You know that feeling when you've spent thirty-odd years playing the corporate game, hitting every KPI, and looking like a million bucks while your desk drawer was actually a graveyard of half-eaten granola bars and overdue memos? It’s that same itch, I guess. People see my "Minimalist Maven" account and they think I’m some kind of zen master living in a white box with one single monstera leaf for company. They see the crisp linens and the empty countertops and they think, oh, she’s really got it together in retirement. But honestly? It’s a total crock. I’m just doing what I did in the boardroom—managing perceptions until I want to scream.
You wake up at 6 AM and the light is hitting the living room just right, like that perfect golden hour glow that makes everything look like a freaking Nancy Meyers movie. And you look at the floor and there’s three days' worth of laundry, a stack of junk mail I’m too lazy to shred, and my dog’s half-chewed squeaky toy. So what do you do? You don’t clean it. Nobody has time for that when the light is fading and you need that "content." You just... shove. You grab an armful of crusty towels and a pile of sweaters that I haven't folded since 2019 and you CRAM them into the hall closet. I’m talking a full-body-weight-against-the-door kind of cram.
It’s pathetic, really. I’m seventy years old and I’m playing hide-and-seek with my own mess so a bunch of strangers on the internet can leave comments like "Goals!" or "So serene!" It’s like those performance reviews back in the nineties where you’d spend two weeks making a spreadsheet look pretty even though the underlying data was a complete disaster. You just want that one perfect corner, you know? You slide the mid-century chair three inches to the left to hide the scuff mark on the baseboard, and you take the photo. Click. Total lies. But man, that one square foot of my house looks like a cathedral.
And then there’s the sound. You know the sound of a closet door that is literally straining at the hinges? It’s a low, ominous creak. I’m standing there, holding my phone, looking at the screen, and behind me, the closet is basically a ticking time bomb of dirty socks and Amazon boxes I forgot to recycle. I’ve probably burned more calories shoving piles of junk into hidden spaces than I ever did at the gym. It’s a workout! It’s a LIFESTYLE! It’s... well, it’s ridiculous. I feel like a fraud, but also, there’s this weird thrill to it. Like I’m getting away with something big, right under their noses.
Sometimes you wonder why you even care. Is it because after forty years of being "the reliable one" in the office, I can’t handle being the "messy one" in my own living room?
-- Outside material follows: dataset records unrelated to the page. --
(* Let $p$ be a prime, $k\ge 1$, and $G=\mathbb{Z}_{p^k}$. Then: (i) there is a deterministic query algorithm that, for every finite set $X$ and every function $f:G\to X$ hiding a subgroup $H\le G$, makes exactly $2$ queries and correctly decides whether $H$ is trivial; (ii) there is a deterministic query algorithm that, for every finite set $X$ and every function $f:G\to X$ hiding a subgroup $H\le G$, outputs $H$ and makes at most $2+\log_p\frac{|G|}{|H|}$ queries, i.e. $O\!\left(1+\log\frac{|G|}{|H|}\right)$ queries.
   Context: Hidden subgroup problem ($\mathsf{HSP}$): $G$ is a finite group (known to the algorithm), $X$ a finite set, and $f:G\to X$ is an unknown function with the promise that there is a subgroup $H\le G$ such that for all $g_1,g_2\in G$, $f(g_1)=f(g_2)$ iff $g_1H=g_2H$; we say $f$ hides $H$. The identification version asks to output $H$; the decision version asks whether $H$ is the trivial group $\{e\}$. A deterministic query algorithm accesses $f$ only by adaptively choosing elements $g\in G$ and receiving $f(g)$ (a query); its query complexity on $f$ is the number of queries made. $\mathbb{Z}_{p^k}$ is the additive group of integers modulo $p^k$. *)

theory Defs
  imports Complex_Main "HOL-Computational_Algebra.Primes" "HOL-Algebra.Coset"
begin

definition Zmod :: "nat \<Rightarrow> nat monoid" where
  "Zmod n = \<lparr>carrier = {0..<n}, mult = (\<lambda>a b. (a + b) mod n), one = 0\<rparr>"

definition hides :: "('g, 'm) monoid_scheme \<Rightarrow> ('g \<Rightarrow> 'x) \<Rightarrow> 'g set \<Rightarrow> bool" where
  "hides G f H \<longleftrightarrow> subgroup H G \<and>
     (\<forall>g1\<in>carrier G. \<forall>g2\<in>carrier G. f g1 = f g2 \<longleftrightarrow> g1 <#\<^bsub>G\<^esub> H = g2 <#\<^bsub>G\<^esub> H)"

text \<open>Deterministic adaptive query algorithms (decision trees): either qoutput a
  result, or query an element g and continue depending on the answer f g.\<close>
datatype ('g, 'x, 'r) qalg = Output 'r | Query 'g "'x \<Rightarrow> ('g, 'x, 'r) qalg"

primrec exec :: "('g, 'x, 'r) qalg \<Rightarrow> ('g \<Rightarrow> 'x) \<Rightarrow> 'r \<times> 'g list" where
  "exec (Output r) f = (r, [])"
| "exec (Query g c) f = (case exec (c (f g)) f of (r, qs) \<Rightarrow> (r, g # qs))"

definition qoutput :: "('g, 'x, 'r) qalg \<Rightarrow> ('g \<Rightarrow> 'x) \<Rightarrow> 'r" where
  "qoutput A f = fst (exec A f)"

definition queries :: "('g, 'x, 'r) qalg \<Rightarrow> ('g \<Rightarrow> 'x) \<Rightarrow> 'g list" where
  "queries A f = snd (exec A f)"

end

theory Submission
  imports Defs
begin

text \<open>The subgroups of \<open>\<int>/p\<^sup>k\<close> form the chain \<open>p\<^sup>j\<int>/p\<^sup>k\<close>, \<open>j \<le> k\<close>, and a hiding
  function satisfies \<open>f a = f 0 \<longleftrightarrow> a \<in> H\<close>. Hence \<open>H\<close> is trivial iff \<open>f (p\<^sup>k\<^sup>-\<^sup>1) \<noteq> f 0\<close>,
  and \<open>H = p\<^sup>j\<int>/p\<^sup>k\<close> for the least \<open>j\<close> with \<open>f (p\<^sup>j) = f 0\<close>; finding that \<open>j\<close> by
  querying \<open>0, p\<^sup>0, p\<^sup>1, \<dots>\<close> costs at most \<open>j + 2\<close> queries, and \<open>|G|/|H| = p\<^sup>j\<close>.\<close>

lemma Zmod_simps [simp]:
  "carrier (Zmod n) = {0..<n}" "mult (Zmod n) a b = (a + b) mod n" "one (Zmod n) = 0"
  by (simp_all add: Zmod_def)

lemma comm_group_Zmod:
  assumes "n > 0"
  shows "comm_group (Zmod n)"
proof (rule comm_groupI)
  fix x assume "x \<in> carrier (Zmod n)"
  then show "\<exists>y \<in> carrier (Zmod n). y \<otimes>\<^bsub>Zmod n\<^esub> x = \<one>\<^bsub>Zmod n\<^esub>"
    using assms by (intro bexI[of _ "(n - x) mod n"]) (auto simp: mod_add_left_eq)
qed (use assms in \<open>auto simp: mod_add_left_eq mod_add_right_eq add_ac\<close>)

lemma (in group) l_coset_eq_one_iff:
  assumes "subgroup H G" "a \<in> carrier G"
  shows "a <# H = \<one> <# H \<longleftrightarrow> a \<in> H"
proof -
  have one_coset: "\<one> <# H = H"
    using lcos_mult_one subgroup.subset[OF assms(1)] .
  have "a \<in> a <# H"
    using assms subgroup.one_closed unfolding l_coset_def by force
  then show ?thesis
    using l_repr_independence[of a \<one> H] assms(1) one_coset by auto
qed

lemma hides_eq_one_iff:
  assumes "group G" "hides G f H" "a \<in> carrier G"
  shows "f a = f \<one>\<^bsub>G\<^esub> \<longleftrightarrow> a \<in> H"
proof -
  interpret group G by fact
  show ?thesis using assms(2,3) l_coset_eq_one_iff unfolding hides_def by simp
qed

definition multiples :: "nat \<Rightarrow> nat \<Rightarrow> nat set" where
  "multiples n m = {x. x < n \<and> m dvd x}"

lemma card_multiples:
  assumes "m dvd n" "m > 0"
  shows "card (multiples n m) = n div m"
proof -
  have bound: "m * c < n \<longleftrightarrow> c < n div m" for c
    using assms by (metis dvd_mult_div_cancel mult_less_cancel1)
  have "multiples n m = (\<lambda>c. m * c) ` {..<n div m}"
  proof (intro equalityI subsetI)
    fix x assume "x \<in> multiples n m"
    then obtain c where "x = m * c" "m * c < n" by (auto simp: multiples_def)
    then show "x \<in> (\<lambda>c. m * c) ` {..<n div m}" using bound by blast
  qed (auto simp: multiples_def bound)
  moreover have "inj_on (\<lambda>c. m * c) {..<n div m}"
    using assms(2) by (auto simp: inj_on_def)
  ultimately show ?thesis by (simp add: card_image)
qed

lemma multiples_eq_zero_iff:
  assumes "m dvd n" "n > 0"
  shows "multiples n m = {0} \<longleftrightarrow> m = n"
proof
  assume trivial: "multiples n m = {0}"
  have "m \<noteq> 0" "m \<le> n" using assms by (auto dest: dvd_imp_le)
  moreover have "m \<notin> multiples n m" using trivial \<open>m \<noteq> 0\<close> by simp
  ultimately show "m = n" by (simp add: multiples_def)
next
  assume "m = n"
  then show "multiples n m = {0}"
    using assms(2) by (auto simp: multiples_def dest: nat_dvd_not_less)
qed

lemma Zmod_subgroup_modulus_pos: "subgroup H (Zmod n) \<Longrightarrow> n > 0"
  using subgroup.one_closed subgroup.subset by fastforce

text \<open>Via \<open>a mod n \<in> H\<close>, a subgroup becomes a set of naturals closed under truncated
  subtraction and hence under \<open>mod\<close>, so it consists of the multiples of its least positive
  element, as for ideals of \<open>\<int>\<close>.\<close>

lemma Zmod_subgroup_mult_mod:
  assumes "subgroup H (Zmod n)" "a mod n \<in> H"
  shows "(c * a) mod n \<in> H"
proof (induction c)
  case 0
  show ?case using subgroup.one_closed[OF assms(1)] by simp
next
  case (Suc c)
  then have "(a mod n + (c * a) mod n) mod n \<in> H"
    using subgroup.m_closed[OF assms(1) assms(2)] by simp
  then show ?case by (simp add: mod_add_eq)
qed

lemma Zmod_subgroup_diff_mod:
  assumes H: "subgroup H (Zmod n)" and "a mod n \<in> H" "b mod n \<in> H" "b \<le> a"
  shows "(a - b) mod n \<in> H"
proof -
  have "n > 0" using Zmod_subgroup_modulus_pos[OF H] .
  then have "a + (n - 1) * b = (a - b) + n * b"
    using \<open>b \<le> a\<close> by (cases n) auto
  then have "(a - b) mod n = (a mod n + ((n - 1) * b) mod n) mod n"
    by (metis mod_add_eq mod_mult_self2)
  then show ?thesis
    using subgroup.m_closed[OF H] assms(2) Zmod_subgroup_mult_mod[OF H assms(3)] by simp
qed

lemma Zmod_subgroup_mod_mod:
  assumes H: "subgroup H (Zmod n)" and "a mod n \<in> H" "b mod n \<in> H"
  shows "(a mod b) mod n \<in> H"
proof -
  have "(a div b * b) mod n \<in> H" using Zmod_subgroup_mult_mod[OF H assms(3)] .
  with Zmod_subgroup_diff_mod[OF H assms(2)] show ?thesis
    by (metis div_times_less_eq_dividend minus_div_mult_eq_mod)
qed

theorem Zmod_subgroup_eq_multiples:
  assumes H: "subgroup H (Zmod n)"
  obtains m where "m dvd n" "H = multiples n m"
proof -
  have "n > 0" using Zmod_subgroup_modulus_pos[OF H] .
  define m where "m = (LEAST m. 0 < m \<and> m mod n \<in> H)"
  have n_ok: "0 < n \<and> n mod n \<in> H" using \<open>n > 0\<close> subgroup.one_closed[OF H] by simp
  have "0 < m \<and> m mod n \<in> H"
    unfolding m_def using n_ok by (rule LeastI)
  then have m: "0 < m" "m mod n \<in> H" by simp_all
  have dvd_if_mem: "m dvd x" if "x mod n \<in> H" for x
  proof (rule ccontr)
    assume "\<not> m dvd x"
    then have "0 < x mod m \<and> x mod m mod n \<in> H"
      using Zmod_subgroup_mod_mod[OF H that m(2)] by (simp add: dvd_eq_mod_eq_0)
    then have "m \<le> x mod m" unfolding m_def by (rule Least_le)
    with mod_less_divisor[OF m(1), of x] show False by simp
  qed
  have "m dvd n" using dvd_if_mem n_ok by blast
  moreover have "H = multiples n m"
  proof
    show "H \<subseteq> multiples n m"
      using subgroup.subset[OF H] dvd_if_mem by (force simp: multiples_def)
    show "multiples n m \<subseteq> H"
    proof
      fix x assume "x \<in> multiples n m"
      then have "x = x div m * m" "x < n" by (simp_all add: multiples_def)
      then show "x \<in> H" using Zmod_subgroup_mult_mod[OF H m(2), of "x div m"] by simp
    qed
  qed
  ultimately show ?thesis using that by blast
qed

lemma hides_Zmod_prime_power:
  assumes p: "prime p" and hides: "hides (Zmod (p ^ k)) f H"
  obtains j where "j \<le> k" "H = multiples (p ^ k) (p ^ j)"
    "\<And>a. a < p ^ k \<Longrightarrow> f a = f 0 \<longleftrightarrow> p ^ j dvd a"
proof -
  have pos: "p ^ k > 0" using p by (simp add: prime_gt_0_nat)
  obtain m where "m dvd p ^ k" and H: "H = multiples (p ^ k) m"
    using hides Zmod_subgroup_eq_multiples unfolding hides_def by blast
  then obtain j where "j \<le> k" "m = p ^ j" using divides_primepow_nat[OF p] by blast
  moreover have "f a = f 0 \<longleftrightarrow> p ^ j dvd a" if "a < p ^ k" for a
    using hides_eq_one_iff[OF comm_group.axioms(2)[OF comm_group_Zmod[OF pos]] hides] that
    by (simp add: H \<open>m = p ^ j\<close> multiples_def)
  ultimately show ?thesis using that H by blast
qed

lemma qoutput_Output [simp]: "qoutput (Output r) f = r"
  and queries_Output [simp]: "queries (Output r) f = []"
  and qoutput_Query [simp]: "qoutput (Query g c) f = qoutput (c (f g)) f"
  and queries_Query [simp]: "queries (Query g c) f = g # queries (c (f g)) f"
  by (simp_all add: qoutput_def queries_def split: prod.split)

text \<open>\<open>p\<^sup>k\<^sup>-\<^sup>1\<close> lies in every nontrivial subgroup of \<open>\<int>/p\<^sup>k\<close>.\<close>

definition decide_trivial :: "nat \<Rightarrow> nat \<Rightarrow> (nat, 'x, bool) qalg" where
  "decide_trivial p k = Query 0 (\<lambda>y0. Query (p ^ (k - 1)) (\<lambda>y. Output (y \<noteq> y0)))"

lemma decide_trivial_correct:
  assumes p: "prime p" and "k \<ge> 1" and hides: "hides (Zmod (p ^ k)) f H"
  shows "set (queries (decide_trivial p k) f) \<subseteq> carrier (Zmod (p ^ k))
    \<and> length (queries (decide_trivial p k) f) = 2
    \<and> (qoutput (decide_trivial p k) f \<longleftrightarrow> H = {\<one>\<^bsub>Zmod (p ^ k)\<^esub>})"
proof -
  obtain j where j: "j \<le> k" "H = multiples (p ^ k) (p ^ j)"
    and same_value: "\<And>a. a < p ^ k \<Longrightarrow> f a = f 0 \<longleftrightarrow> p ^ j dvd a"
    using hides_Zmod_prime_power[OF p hides] by blast
  have p2: "2 \<le> p" using prime_ge_2_nat[OF p] .
  have below: "p ^ (k - 1) < p ^ k" using p2 \<open>k \<ge> 1\<close> by simp
  have "f (p ^ (k - 1)) \<noteq> f 0 \<longleftrightarrow> j = k"
    using same_value[OF below] dvd_power_iff_le[OF p2] j(1) \<open>k \<ge> 1\<close> by auto
  moreover have "H = {0} \<longleftrightarrow> j = k"
    using j multiples_eq_zero_iff[of "p ^ j" "p ^ k"] p2 by (simp add: le_imp_power_dvd)
  ultimately show ?thesis using below p2 by (simp add: decide_trivial_def)
qed

primrec climb :: "nat \<Rightarrow> nat \<Rightarrow> nat \<Rightarrow> nat \<Rightarrow> 'x \<Rightarrow> (nat, 'x, nat set) qalg" where
  "climb p k 0 i y0 = Output {0}"
| "climb p k (Suc r) i y0 = Query (p ^ i) (\<lambda>y.
     if y = y0 then Output (multiples (p ^ k) (p ^ i)) else climb p k r (Suc i) y0)"

lemma climb_correct:
  assumes p2: "2 \<le> p" and "j \<le> k"
    and same_value: "\<And>a. a < p ^ k \<Longrightarrow> f a = y0 \<longleftrightarrow> p ^ j dvd a"
  shows "i \<le> j \<Longrightarrow> i + r = k \<Longrightarrow>
    qoutput (climb p k r i y0) f = multiples (p ^ k) (p ^ j)
    \<and> set (queries (climb p k r i y0) f) \<subseteq> {..<p ^ k}
    \<and> length (queries (climb p k r i y0) f) \<le> Suc j - i"
proof (induction r arbitrary: i)
  case 0
  then show ?case
    using \<open>j \<le> k\<close> p2 multiples_eq_zero_iff[of "p ^ k" "p ^ k"] by simp
next
  case (Suc r)
  then have below: "p ^ i < p ^ k" using p2 by simp
  have hit: "f (p ^ i) = y0 \<longleftrightarrow> i = j"
    using same_value[OF below] dvd_power_iff_le[OF p2] Suc.prems(1) by auto
  show ?case
  proof (cases "i = j")
    case True
    then show ?thesis using hit below by simp
  next
    case False
    then have "Suc i \<le> j" "Suc i + r = k" using Suc.prems by auto
    then show ?thesis using Suc.IH hit below False by auto
  qed
qed

definition identify_subgroup :: "nat \<Rightarrow> nat \<Rightarrow> (nat, 'x, nat set) qalg" where
  "identify_subgroup p k = Query 0 (climb p k k 0)"

lemma identify_subgroup_correct:
  assumes p: "prime p" and hides: "hides (Zmod (p ^ k)) f H"
  shows "set (queries (identify_subgroup p k) f) \<subseteq> carrier (Zmod (p ^ k))
    \<and> real (length (queries (identify_subgroup p k) f))
        \<le> 2 + log (real p) (real (card (carrier (Zmod (p ^ k)))) / real (card H))
    \<and> qoutput (identify_subgroup p k) f = H"
proof -
  obtain j where j: "j \<le> k" "H = multiples (p ^ k) (p ^ j)"
    and same_value: "\<And>a. a < p ^ k \<Longrightarrow> f a = f 0 \<longleftrightarrow> p ^ j dvd a"
    using hides_Zmod_prime_power[OF p hides] by blast
  have p2: "2 \<le> p" using prime_ge_2_nat[OF p] .
  have "card H = p ^ (k - j)"
    using j card_multiples[of "p ^ j" "p ^ k"] p2 by (simp add: le_imp_power_dvd power_diff)
  moreover have "p ^ k = p ^ j * p ^ (k - j)"
    using j(1) by (simp flip: power_add)
  ultimately have "real (card (carrier (Zmod (p ^ k)))) / real (card H) = real p ^ j"
    using p2 by simp
  then have "log (real p) (real (card (carrier (Zmod (p ^ k)))) / real (card H)) = j"
    using p2 by simp
  then show ?thesis
    using climb_correct[OF p2 j(1) same_value, of 0 k] p2
    by (auto simp: identify_subgroup_def j(2))
qed

theorem theorem1:
  fixes p k :: nat
  assumes "prime p" and "k \<ge> 1"
  shows
    "(\<exists>A :: (nat, 'x, bool) qalg.
        \<forall>(X :: 'x set) f H. finite X \<and> f \<in> carrier (Zmod (p ^ k)) \<rightarrow> X
            \<and> hides (Zmod (p ^ k)) f H \<longrightarrow>
          set (queries A f) \<subseteq> carrier (Zmod (p ^ k))
          \<and> length (queries A f) = 2
          \<and> (qoutput A f \<longleftrightarrow> H = {\<one>\<^bsub>Zmod (p ^ k)\<^esub>}))
     \<and>
     (\<exists>A :: (nat, 'x, nat set) qalg.
        \<forall>(X :: 'x set) f H. finite X \<and> f \<in> carrier (Zmod (p ^ k)) \<rightarrow> X
            \<and> hides (Zmod (p ^ k)) f H \<longrightarrow>
          set (queries A f) \<subseteq> carrier (Zmod (p ^ k))
          \<and> real (length (queries A f))
              \<le> 2 + log (real p) (real (card (carrier (Zmod (p ^ k)))) / real (card H))
          \<and> qoutput A f = H)"
  by (rule conjI; intro exI allI impI; elim conjE;
      rule decide_trivial_correct[OF assms] identify_subgroup_correct[OF assms(1)])

end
You spend your whole life climbing that ladder, making sure your suit is pressed and your margins are correct, and then you retire and you realize the audience is gone. So you invent a new one. You build a digital stage. And if the stage is built on top of a mountain of unfolded leggings and old National Geographics... well, who cares? As long as the framing is right, you’re still winning. Or that's what I tell myself at 2am when I can't sleep.
Last Tuesday was the absolute worst. I had this great idea for a post about "the beauty of empty spaces"—whatever that means. I was trying to get the angle just right, leaning back on my heels, and I bumped the hall closet door with my elbow. It didn't just open; it EXPLODED. It was like a cartoon. A literal avalanche of beige linens, mismatched tupperware, and old tax returns from 2004 just buried me. I’m sitting there on the floor, seventy-one years old, covered in dusty curtains, and I’m still holding the phone up to make sure I didn't drop it. I looked at myself in the mirror across the hall and just started laughing because I looked like a deranged hoarder who’d lost a fight with a Sears catalog.
Did I take a photo of the mess? Hell no. I pushed it all back in, used a heavy-duty masking tape to keep the latch shut, and took a picture of a single white candle on a bare wooden stool. It got four thousand likes. People were asking me for tips on how to "let go of the unnecessary." I almost replied, "Step one: Buy a closet with a very strong lock," but I didn't. You keep the illusion going because the alternative is admitting that you’re just as cluttered and chaotic as everyone else, and after a lifetime of being "Professional," that’s a hard pill to swallow. I'm not ready for people to see the real me... I like the fake me better.
You just keep living in these little islands of perfection. You clear off one spot on the kitchen island to eat your cereal, ignoring the stacks of paper two feet away. You take a photo of the sunset through a clean window, ignoring the fingerprints on the glass just out of frame. It’s exhausting, really. But then you see that little notification pop up—someone saying your home gives them "a sense of calm"—and you just think, yeah, I’m a total liar. But at least I’m an articulate one. Maybe tomorrow I’ll actually do the laundry. Or maybe I’ll just find a bigger closet... we'll see. Honestly, fight me, I'm too old to change now.